To this point I should like to add that my repeated plea to establish sick-camps in the regional labor office districts, instead of the mass deportation of the Easterners who are incapable of work, has so far not been answered. Hence I found it necessary to contact the Reichskommissar [Commissioner] for health and sanitation on this matter. In the session of the propaganda department called by State Counselor, Professor Boerger on the 17th of this month, the negative repercussions which will be caused in the native provinces by the recently planned return transports were referred to not only by the representatives of my agency, but particularly by the representative of the economic staff East, since such events interfere with the demands for labor and production in the rear military zones. Measures such as conscription, return of the sick or similar things not only impair the procurement and the legal validity of the executive orders of the compulsory-labor order released by me on Dec 19.41, but moreover endanger all the important war work in the occupied Eastern territories. This goes as well for the urban as for the rural procurement districts, where so far, thanks to the self-sacrificing activity of the leaders of the economic land bases, an atmosphere permitting productive work was created between the German administration and the native population, which now threatens to become lost. Even if I do not close my eyes to the necessity that the numbers demanded by the Reichs minister for weapons and ammunition as well as by the agricultural economy justify unusual and hard measures, I have to ask, due to the responsibility for the occupied Eastern territories which lies upon me, that in the accomplishment of ordered tasks such measures be excluded, the toleration and prosecution of which will some day be held against me, and my collaborators. In order to achieve this, and to bring into agreement the requirements given by the peculiar political situation of the Eastern territories with the measures of the commissions and the staffs of your agencies, I have empowered the Reichs commissioner for the Ukraine insofar as necessary to make use of his right, and to see to it that methods which run contrary to the interest of the conduct of the war and war economy in the occupied East be abolished.

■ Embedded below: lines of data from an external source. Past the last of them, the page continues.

lemma homog_decomp_unique:
  assumes c: "homog_decomp M Mg x c" and c': "homog_decomp M Mg x c'"
  shows "c = c'"
proof
  fix j
  define B where "B = {j. c j \<noteq> bzero M} \<union> {j. c' j \<noteq> bzero M}"
  have "finite B" using c c' unfolding homog_decomp_def B_def by simp
  then obtain N where "abs ` B \<subseteq> {..N}" using finite_int_iff_bounded_le by blast
  then have B: "B \<subseteq> {-N..N}" by (auto simp: abs_le_iff)
  have in_Mg: "c j \<in> Mg j" "c' j \<in> Mg j" for j using c c' unfolding homog_decomp_def by auto
  note in_M = graded_bimodD(1)[OF gr in_Mg(1)] graded_bimodD(1)[OF gr in_Mg(2)]
  have zero: "c j = bzero M" "c' j = bzero M" if "j \<notin> {-N..N}" for j
    using B that unfolding B_def by auto
  have x: "x = gsum M c {-N..N}" "x = gsum M c' {-N..N}"
    using homog_decomp_iff_gsum[of c "{-N..N}" x] homog_decomp_iff_gsum[of c' "{-N..N}" x]
      in_Mg zero c c' by auto
  define f where "f j = badd M (c j) (bneg M (c' j))" for j
  have f_in: "f j \<in> Mg j" for j
    unfolding f_def using in_Mg graded_bimodD(3,4)[OF gr] by blast
  have "lsum M (map f [-N..N]) = gsum M f (set [-N..N])"
    by (rule lsum_eq_gsum[OF bm]) (use f_in graded_bimodD(1)[OF gr] in auto)
  then have "lsum M (map f [-N..N]) = gsum M f {-N..N}" by simp
  also have "\<dots> = badd M (gsum M c {-N..N}) (gsum M (\<lambda>j. bneg M (c' j)) {-N..N})"
    unfolding f_def by (rule gsum_add[OF bm]) (use in_M bm_neg[OF bm] in blast)+
  also have "\<dots> = badd M (gsum M c {-N..N}) (bneg M (gsum M c' {-N..N}))"
    using additive_map_gsum[OF bm bm neg_additive[OF bm], of "{-N..N}" c'] in_M by simp
  also have "\<dots> = bzero M"
    using x c gsum_closed[OF bm, of "{-N..N}" c] in_M bm_neg_r[OF bm] by simp
  finally have lsum_zero: "lsum M (map f [-N..N]) = bzero M" .
  show "c j = c' j"
  proof (cases "j \<in> {-N..N}")
    case True
    have "\<forall>j. f j \<in> Mg j" using f_in by blast
    then have "f j = bzero M" using graded_bimodD(8)[OF gr _ lsum_zero True] by blast
    then show ?thesis using bm_eq_iff_diff_zero[OF bm in_M] unfolding f_def by blast
  next
    case False
    then show ?thesis using zero by simp
  qed
qed

lemma homog_comp_decomp: "x \<in> bcar M \<Longrightarrow> homog_decomp M Mg x (\<lambda>j. homog_comp M Mg j x)"
  unfolding homog_comp_def using someI_ex[OF homog_decomp_exists] by simp
text \<open>A coalescent history of two caterpillars with \<open>n\<close> leaves sends node \<open>j\<close> of the gene tree
  (counted from the cherry) to the edge above node \<open>\<phi> j\<close> of the species tree; it is a history
  exactly when \<open>\<phi>\<close> is non-decreasing and \<open>\<phi> j \<ge> m j\<close>, where \<open>m j\<close> is the lowest node of the
  species tree whose clade contains the leaves below node \<open>j\<close>. Reading \<open>\<phi>\<close> as a lattice path
  whose \<open>j\<close>-th up-step is taken at abscissa \<open>\<phi> j\<close>, histories become monotone paths from \<open>(0, 0)\<close> to \<open>(n - 1, n - 1)\<close>
  that stay to the right of the staircase \<open>m\<close>. For a forward incrementation \<open>m\<close> is the diagonal,
  except for a plateau at abscissa \<open>kl - 1\<close> over the rows \<open>ks - 1 + \<delta> .. kl - 1\<close>. Cutting a path
  where it crosses the antidiagonal through \<open>(kl - 1, ks - 2 + \<delta>)\<close> splits it into a path below
  the diagonal, counted by Catalan's triangle, and a path below a shifted diagonal, counted by
  Catalan's trapezoid.\<close>

section \<open>Counting lattice paths\<close>

function lattice_paths :: "(nat \<Rightarrow> nat \<Rightarrow> bool) \<Rightarrow> nat \<Rightarrow> nat \<Rightarrow> nat \<Rightarrow> nat \<Rightarrow> nat" where
  "lattice_paths ok x0 y0 x y =
    (if \<not> ok x y \<or> x < x0 \<or> y < y0 then 0
     else if x = x0 \<and> y = y0 then 1
     else (if x0 < x then lattice_paths ok x0 y0 (x - 1) y else 0)
        + (if y0 < y then lattice_paths ok x0 y0 x (y - 1) else 0))"
  by auto
termination by (relation "measure (\<lambda>(ok, x0, y0, x, y). x + y)") auto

It appears strange to me, that in numerous cases which should have been discussed with the civil authorities, we only receive information through the police and other agencies. I am referring in this connection to the note of my standing representative of Nov. 11.42.—III wi 5—1231-3587—in which I asked for a discussion concerning the mutual cooperation, and especially on the position of your delegates, to which I have unfortunately never received an answer from you. With consultation of our mutual wishes, which you personally will certainly understand, it is unfortunately impossible for me to accept a co-responsibility for the consequences, which result from the recounted state of affairs.
I should not like to have informed you of this, without expressing my hope that in the interests of both of us, this condition will be terminated with the coming of the new year. I am personally convinced that you, dear Party member Sauckel, have the same desire. I assume that there will be an opportunity for discussion of this in the conference prompted by me on Jan. 11.43.
I am gratefully looking forward to your reports in this connection.
Yours,
signed: A. ROSENBERG
Extracts from the Secret Report on Morale by the Foreign Mail Censorship Post Berlin.
(Reg. No. 7328/42 secret Group VIII)
Selected letters from the occupied Eastern regions regarding the period from Sept. 11 to Nov. 10, 1942.
In the letters from the Ukraine a further sharp decline in the morale is pictured, and under the impact of an increased requisition of labor forces for the Reich, the Ukrainian population has been seized by a terrible fear.